*ABOUT THIS EXERCISE:*
Check each line of the listing for the string "ival", then state how many lines have it. Only the number is wanted.

*INFORMATION:*

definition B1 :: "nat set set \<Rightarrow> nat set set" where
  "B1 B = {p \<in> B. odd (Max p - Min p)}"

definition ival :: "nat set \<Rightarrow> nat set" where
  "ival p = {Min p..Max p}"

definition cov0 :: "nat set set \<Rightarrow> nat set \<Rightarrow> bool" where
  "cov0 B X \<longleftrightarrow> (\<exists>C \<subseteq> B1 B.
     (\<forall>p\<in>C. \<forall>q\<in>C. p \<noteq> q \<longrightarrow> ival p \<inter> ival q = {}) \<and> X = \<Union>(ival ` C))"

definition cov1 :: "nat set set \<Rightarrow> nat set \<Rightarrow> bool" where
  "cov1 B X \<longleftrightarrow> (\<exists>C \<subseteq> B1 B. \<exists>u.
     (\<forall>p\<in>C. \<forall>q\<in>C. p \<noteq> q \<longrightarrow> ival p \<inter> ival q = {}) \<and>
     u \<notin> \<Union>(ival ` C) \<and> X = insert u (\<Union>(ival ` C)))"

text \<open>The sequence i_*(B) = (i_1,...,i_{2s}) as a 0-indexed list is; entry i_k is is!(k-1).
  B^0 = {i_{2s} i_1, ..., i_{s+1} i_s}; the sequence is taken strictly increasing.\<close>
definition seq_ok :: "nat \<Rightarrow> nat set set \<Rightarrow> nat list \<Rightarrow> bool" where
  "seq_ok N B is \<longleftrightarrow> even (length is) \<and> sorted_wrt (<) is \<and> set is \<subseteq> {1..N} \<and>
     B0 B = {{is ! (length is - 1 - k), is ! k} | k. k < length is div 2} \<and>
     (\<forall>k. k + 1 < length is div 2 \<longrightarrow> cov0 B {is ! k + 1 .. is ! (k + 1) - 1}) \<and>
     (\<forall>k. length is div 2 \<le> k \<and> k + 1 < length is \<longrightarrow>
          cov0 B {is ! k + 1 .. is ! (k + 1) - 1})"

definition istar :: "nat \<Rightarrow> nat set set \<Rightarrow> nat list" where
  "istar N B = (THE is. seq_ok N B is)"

*ANSWER SECTION:*
5